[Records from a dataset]
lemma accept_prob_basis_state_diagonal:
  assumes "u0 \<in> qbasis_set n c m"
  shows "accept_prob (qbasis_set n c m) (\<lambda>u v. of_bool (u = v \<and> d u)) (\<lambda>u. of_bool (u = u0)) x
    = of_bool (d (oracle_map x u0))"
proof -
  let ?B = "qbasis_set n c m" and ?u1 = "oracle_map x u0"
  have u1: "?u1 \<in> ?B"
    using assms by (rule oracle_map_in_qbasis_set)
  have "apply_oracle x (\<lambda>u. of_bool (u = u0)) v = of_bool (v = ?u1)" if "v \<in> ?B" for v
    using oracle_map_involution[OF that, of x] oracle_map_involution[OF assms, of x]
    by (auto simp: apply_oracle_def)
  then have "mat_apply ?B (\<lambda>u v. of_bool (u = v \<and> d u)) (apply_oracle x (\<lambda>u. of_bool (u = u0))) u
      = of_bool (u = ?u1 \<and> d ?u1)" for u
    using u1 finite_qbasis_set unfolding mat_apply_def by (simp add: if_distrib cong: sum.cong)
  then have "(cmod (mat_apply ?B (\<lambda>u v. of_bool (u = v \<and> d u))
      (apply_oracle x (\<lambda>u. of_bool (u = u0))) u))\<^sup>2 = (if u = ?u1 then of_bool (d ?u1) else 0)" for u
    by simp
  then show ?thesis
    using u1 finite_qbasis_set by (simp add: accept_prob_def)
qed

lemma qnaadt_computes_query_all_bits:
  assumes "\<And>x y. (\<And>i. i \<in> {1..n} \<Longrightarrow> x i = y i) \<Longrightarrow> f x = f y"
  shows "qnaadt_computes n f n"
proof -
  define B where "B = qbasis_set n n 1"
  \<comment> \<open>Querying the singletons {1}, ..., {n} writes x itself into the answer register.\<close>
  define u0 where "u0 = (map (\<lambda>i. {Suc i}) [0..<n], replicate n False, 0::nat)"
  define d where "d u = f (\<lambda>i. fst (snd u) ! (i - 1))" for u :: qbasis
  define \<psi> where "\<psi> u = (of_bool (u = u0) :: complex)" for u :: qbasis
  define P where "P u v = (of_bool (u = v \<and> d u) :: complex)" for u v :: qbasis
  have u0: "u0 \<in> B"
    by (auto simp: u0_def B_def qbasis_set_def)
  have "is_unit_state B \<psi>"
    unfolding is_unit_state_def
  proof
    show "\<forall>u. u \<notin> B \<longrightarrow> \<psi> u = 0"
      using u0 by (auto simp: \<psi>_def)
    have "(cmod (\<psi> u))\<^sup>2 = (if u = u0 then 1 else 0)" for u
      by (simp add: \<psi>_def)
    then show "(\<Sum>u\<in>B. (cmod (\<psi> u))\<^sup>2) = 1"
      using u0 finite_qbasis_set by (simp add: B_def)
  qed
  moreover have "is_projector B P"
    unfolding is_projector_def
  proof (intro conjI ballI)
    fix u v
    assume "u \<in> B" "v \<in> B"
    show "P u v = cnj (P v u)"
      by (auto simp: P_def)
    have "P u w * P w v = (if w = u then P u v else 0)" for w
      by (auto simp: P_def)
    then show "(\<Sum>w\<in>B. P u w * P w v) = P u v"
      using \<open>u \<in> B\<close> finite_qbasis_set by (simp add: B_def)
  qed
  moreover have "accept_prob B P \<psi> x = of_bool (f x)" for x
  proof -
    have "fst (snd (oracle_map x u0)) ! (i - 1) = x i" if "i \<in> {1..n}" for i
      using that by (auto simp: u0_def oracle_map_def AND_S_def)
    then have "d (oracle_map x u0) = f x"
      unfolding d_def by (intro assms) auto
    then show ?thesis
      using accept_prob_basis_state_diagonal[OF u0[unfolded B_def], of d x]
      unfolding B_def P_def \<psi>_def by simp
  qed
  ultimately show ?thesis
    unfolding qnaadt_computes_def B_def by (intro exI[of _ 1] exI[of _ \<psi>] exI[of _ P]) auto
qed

* * *

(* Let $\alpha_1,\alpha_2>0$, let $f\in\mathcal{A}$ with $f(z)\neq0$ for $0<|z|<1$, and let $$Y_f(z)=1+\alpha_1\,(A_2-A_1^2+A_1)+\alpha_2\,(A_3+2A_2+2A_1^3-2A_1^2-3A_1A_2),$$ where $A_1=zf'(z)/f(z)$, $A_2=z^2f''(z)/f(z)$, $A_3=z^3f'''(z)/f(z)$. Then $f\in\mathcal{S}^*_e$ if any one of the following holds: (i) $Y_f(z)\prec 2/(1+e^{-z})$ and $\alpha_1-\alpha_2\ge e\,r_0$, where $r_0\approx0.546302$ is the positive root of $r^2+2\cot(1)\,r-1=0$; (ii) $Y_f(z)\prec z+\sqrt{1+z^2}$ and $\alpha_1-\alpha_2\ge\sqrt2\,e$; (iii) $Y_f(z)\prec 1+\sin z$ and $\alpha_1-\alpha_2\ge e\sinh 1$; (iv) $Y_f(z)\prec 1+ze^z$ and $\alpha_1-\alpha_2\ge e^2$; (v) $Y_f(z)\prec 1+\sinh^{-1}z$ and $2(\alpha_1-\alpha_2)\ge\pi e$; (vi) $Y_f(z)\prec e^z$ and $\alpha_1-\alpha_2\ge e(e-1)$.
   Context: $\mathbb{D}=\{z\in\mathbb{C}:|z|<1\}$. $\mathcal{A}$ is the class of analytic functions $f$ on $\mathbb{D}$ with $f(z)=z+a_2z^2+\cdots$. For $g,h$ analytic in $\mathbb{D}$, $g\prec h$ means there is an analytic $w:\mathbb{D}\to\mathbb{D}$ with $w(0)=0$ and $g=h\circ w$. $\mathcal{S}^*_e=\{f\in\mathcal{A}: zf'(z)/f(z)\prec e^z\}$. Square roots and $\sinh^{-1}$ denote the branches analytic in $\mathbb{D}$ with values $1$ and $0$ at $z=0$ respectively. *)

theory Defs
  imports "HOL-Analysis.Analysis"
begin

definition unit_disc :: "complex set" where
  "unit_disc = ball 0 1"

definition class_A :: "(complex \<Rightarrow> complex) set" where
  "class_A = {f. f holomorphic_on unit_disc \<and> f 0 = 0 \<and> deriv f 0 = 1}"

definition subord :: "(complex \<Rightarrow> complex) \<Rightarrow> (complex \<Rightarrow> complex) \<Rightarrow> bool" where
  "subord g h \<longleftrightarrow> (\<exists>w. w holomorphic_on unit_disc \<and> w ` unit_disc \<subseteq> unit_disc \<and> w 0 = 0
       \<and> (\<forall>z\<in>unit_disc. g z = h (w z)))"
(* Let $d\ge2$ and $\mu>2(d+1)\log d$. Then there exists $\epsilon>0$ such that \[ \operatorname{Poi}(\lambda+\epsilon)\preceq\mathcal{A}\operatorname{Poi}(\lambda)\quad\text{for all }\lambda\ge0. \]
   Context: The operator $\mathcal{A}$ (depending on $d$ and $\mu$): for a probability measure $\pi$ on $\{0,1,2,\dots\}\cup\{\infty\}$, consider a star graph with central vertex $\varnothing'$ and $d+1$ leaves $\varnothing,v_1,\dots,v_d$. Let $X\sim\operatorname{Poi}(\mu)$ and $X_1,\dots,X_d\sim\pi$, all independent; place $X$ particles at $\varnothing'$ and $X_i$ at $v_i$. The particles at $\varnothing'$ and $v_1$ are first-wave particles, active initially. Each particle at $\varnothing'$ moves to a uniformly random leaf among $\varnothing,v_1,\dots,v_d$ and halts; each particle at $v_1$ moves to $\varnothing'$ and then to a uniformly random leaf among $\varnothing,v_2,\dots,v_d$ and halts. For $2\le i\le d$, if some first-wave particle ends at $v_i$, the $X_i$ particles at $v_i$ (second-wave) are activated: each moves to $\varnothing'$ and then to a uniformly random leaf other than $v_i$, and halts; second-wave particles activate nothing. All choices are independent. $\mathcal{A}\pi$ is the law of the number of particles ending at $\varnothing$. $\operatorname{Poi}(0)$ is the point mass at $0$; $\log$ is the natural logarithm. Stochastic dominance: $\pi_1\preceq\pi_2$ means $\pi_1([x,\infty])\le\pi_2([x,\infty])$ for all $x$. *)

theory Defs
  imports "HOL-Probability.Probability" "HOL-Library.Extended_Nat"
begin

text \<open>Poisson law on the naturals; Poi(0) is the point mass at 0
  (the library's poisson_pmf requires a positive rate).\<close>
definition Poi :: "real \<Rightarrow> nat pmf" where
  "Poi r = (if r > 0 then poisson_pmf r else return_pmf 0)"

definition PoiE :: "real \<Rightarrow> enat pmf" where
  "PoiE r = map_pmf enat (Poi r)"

--

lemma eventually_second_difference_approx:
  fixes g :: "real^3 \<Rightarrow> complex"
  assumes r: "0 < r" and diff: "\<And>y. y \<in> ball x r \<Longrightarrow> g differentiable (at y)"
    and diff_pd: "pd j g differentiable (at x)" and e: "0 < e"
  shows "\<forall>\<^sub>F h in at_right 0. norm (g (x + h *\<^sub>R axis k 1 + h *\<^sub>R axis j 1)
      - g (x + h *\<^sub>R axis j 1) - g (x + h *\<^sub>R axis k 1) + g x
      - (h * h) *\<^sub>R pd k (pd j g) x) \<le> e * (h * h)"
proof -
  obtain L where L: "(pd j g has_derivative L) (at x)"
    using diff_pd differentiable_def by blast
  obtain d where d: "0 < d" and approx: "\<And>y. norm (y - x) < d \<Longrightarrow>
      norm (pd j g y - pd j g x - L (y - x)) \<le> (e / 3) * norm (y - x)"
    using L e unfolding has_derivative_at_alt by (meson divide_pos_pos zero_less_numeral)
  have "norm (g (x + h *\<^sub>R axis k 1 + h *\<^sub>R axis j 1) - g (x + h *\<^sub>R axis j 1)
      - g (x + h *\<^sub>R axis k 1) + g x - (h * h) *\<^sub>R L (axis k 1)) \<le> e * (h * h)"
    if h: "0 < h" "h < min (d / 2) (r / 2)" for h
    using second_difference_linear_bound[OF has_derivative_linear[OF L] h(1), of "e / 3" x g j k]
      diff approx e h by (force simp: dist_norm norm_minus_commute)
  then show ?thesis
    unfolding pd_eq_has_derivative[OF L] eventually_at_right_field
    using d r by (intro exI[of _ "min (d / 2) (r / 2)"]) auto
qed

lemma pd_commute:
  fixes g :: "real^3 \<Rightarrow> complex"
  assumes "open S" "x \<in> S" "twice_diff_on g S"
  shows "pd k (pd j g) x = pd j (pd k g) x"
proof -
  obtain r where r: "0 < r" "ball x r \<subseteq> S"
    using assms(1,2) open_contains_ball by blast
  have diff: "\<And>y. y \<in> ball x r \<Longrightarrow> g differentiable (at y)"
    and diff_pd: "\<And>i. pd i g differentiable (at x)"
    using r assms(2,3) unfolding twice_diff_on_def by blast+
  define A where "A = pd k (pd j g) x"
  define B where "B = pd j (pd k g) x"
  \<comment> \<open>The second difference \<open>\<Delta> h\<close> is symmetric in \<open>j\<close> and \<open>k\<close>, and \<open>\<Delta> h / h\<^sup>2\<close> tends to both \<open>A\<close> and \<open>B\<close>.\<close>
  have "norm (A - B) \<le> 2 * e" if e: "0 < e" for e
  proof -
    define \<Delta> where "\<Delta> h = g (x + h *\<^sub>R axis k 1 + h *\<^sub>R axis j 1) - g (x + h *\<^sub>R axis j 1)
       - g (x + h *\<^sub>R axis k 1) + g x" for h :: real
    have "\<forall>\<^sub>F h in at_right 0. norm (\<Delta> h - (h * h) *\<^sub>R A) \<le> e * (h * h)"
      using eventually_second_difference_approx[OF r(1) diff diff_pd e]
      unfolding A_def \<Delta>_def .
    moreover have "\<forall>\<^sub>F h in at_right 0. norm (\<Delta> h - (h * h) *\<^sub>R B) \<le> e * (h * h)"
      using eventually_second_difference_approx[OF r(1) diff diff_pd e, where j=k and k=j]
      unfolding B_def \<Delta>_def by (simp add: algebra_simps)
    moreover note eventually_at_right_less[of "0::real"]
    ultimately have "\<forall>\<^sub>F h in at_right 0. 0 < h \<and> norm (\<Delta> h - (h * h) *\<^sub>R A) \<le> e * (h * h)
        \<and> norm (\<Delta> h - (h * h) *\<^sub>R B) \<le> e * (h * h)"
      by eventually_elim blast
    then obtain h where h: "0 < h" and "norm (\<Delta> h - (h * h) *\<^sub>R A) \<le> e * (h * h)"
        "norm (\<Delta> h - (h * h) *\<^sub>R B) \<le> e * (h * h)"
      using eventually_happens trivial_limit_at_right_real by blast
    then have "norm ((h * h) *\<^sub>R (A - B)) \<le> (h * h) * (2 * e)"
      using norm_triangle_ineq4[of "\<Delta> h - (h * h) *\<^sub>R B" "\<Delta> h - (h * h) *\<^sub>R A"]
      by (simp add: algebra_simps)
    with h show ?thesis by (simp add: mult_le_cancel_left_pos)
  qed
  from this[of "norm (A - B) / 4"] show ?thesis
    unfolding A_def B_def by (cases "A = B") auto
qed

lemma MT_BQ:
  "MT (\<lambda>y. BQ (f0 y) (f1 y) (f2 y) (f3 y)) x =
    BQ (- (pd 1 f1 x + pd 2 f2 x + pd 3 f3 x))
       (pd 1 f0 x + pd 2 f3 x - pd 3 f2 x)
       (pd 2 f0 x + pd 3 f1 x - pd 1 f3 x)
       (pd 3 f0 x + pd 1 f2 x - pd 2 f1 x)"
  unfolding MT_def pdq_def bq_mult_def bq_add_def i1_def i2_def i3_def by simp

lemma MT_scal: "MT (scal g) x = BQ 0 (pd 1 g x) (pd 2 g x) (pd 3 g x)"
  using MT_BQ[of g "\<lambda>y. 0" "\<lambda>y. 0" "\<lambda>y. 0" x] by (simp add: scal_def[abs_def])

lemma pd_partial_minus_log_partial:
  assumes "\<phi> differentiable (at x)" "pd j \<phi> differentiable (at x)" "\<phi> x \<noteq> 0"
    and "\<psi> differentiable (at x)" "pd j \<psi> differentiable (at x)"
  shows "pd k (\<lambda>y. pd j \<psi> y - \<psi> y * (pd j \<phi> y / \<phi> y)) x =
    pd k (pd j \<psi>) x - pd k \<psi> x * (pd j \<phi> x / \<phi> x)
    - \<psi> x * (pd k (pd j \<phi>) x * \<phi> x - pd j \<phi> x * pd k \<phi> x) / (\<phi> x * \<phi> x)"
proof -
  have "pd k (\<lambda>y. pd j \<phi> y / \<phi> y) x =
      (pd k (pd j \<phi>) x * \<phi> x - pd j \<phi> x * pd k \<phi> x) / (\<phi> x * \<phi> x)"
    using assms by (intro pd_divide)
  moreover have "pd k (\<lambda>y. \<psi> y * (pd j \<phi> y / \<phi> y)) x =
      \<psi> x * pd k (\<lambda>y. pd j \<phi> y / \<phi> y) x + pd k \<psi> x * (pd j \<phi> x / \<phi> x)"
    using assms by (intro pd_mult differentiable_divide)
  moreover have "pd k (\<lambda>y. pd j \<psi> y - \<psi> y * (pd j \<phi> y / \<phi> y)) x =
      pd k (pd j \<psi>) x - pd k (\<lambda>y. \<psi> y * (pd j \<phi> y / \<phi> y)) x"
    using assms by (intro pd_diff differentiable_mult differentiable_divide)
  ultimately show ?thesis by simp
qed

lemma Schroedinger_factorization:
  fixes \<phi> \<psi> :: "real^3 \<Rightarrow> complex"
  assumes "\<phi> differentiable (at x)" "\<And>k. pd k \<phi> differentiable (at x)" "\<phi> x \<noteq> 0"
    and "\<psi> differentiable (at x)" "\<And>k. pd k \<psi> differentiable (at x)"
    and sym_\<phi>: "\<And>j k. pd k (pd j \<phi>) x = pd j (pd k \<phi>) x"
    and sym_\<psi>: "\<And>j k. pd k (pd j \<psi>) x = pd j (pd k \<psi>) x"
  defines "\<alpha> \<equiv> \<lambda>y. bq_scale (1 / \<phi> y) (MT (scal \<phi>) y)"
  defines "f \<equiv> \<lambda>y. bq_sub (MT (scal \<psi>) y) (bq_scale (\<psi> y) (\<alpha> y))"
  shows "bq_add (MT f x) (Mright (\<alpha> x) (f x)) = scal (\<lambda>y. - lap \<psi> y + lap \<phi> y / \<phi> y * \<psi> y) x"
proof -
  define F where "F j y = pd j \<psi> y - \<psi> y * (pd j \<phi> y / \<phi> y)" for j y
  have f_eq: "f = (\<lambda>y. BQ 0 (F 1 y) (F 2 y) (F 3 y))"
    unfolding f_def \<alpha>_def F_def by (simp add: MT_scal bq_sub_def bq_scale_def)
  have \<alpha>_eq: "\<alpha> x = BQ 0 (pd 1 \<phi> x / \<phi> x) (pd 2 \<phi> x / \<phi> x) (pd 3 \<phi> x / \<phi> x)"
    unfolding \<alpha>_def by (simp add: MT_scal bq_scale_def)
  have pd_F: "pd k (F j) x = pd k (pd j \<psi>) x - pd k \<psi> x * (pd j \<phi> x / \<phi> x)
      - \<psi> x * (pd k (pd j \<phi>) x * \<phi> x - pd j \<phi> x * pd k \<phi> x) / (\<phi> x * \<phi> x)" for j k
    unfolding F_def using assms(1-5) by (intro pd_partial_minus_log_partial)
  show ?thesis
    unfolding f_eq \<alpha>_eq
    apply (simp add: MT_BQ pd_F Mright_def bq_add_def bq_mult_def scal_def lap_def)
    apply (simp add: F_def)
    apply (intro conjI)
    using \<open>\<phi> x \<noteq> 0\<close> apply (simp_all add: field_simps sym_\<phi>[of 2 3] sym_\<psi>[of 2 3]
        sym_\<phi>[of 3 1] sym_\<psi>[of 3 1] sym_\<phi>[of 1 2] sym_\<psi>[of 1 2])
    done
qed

• Work request
Where the word "lemma" appears in a line of the data above, tally that line; then give the total and nothing more.

• Expected output
8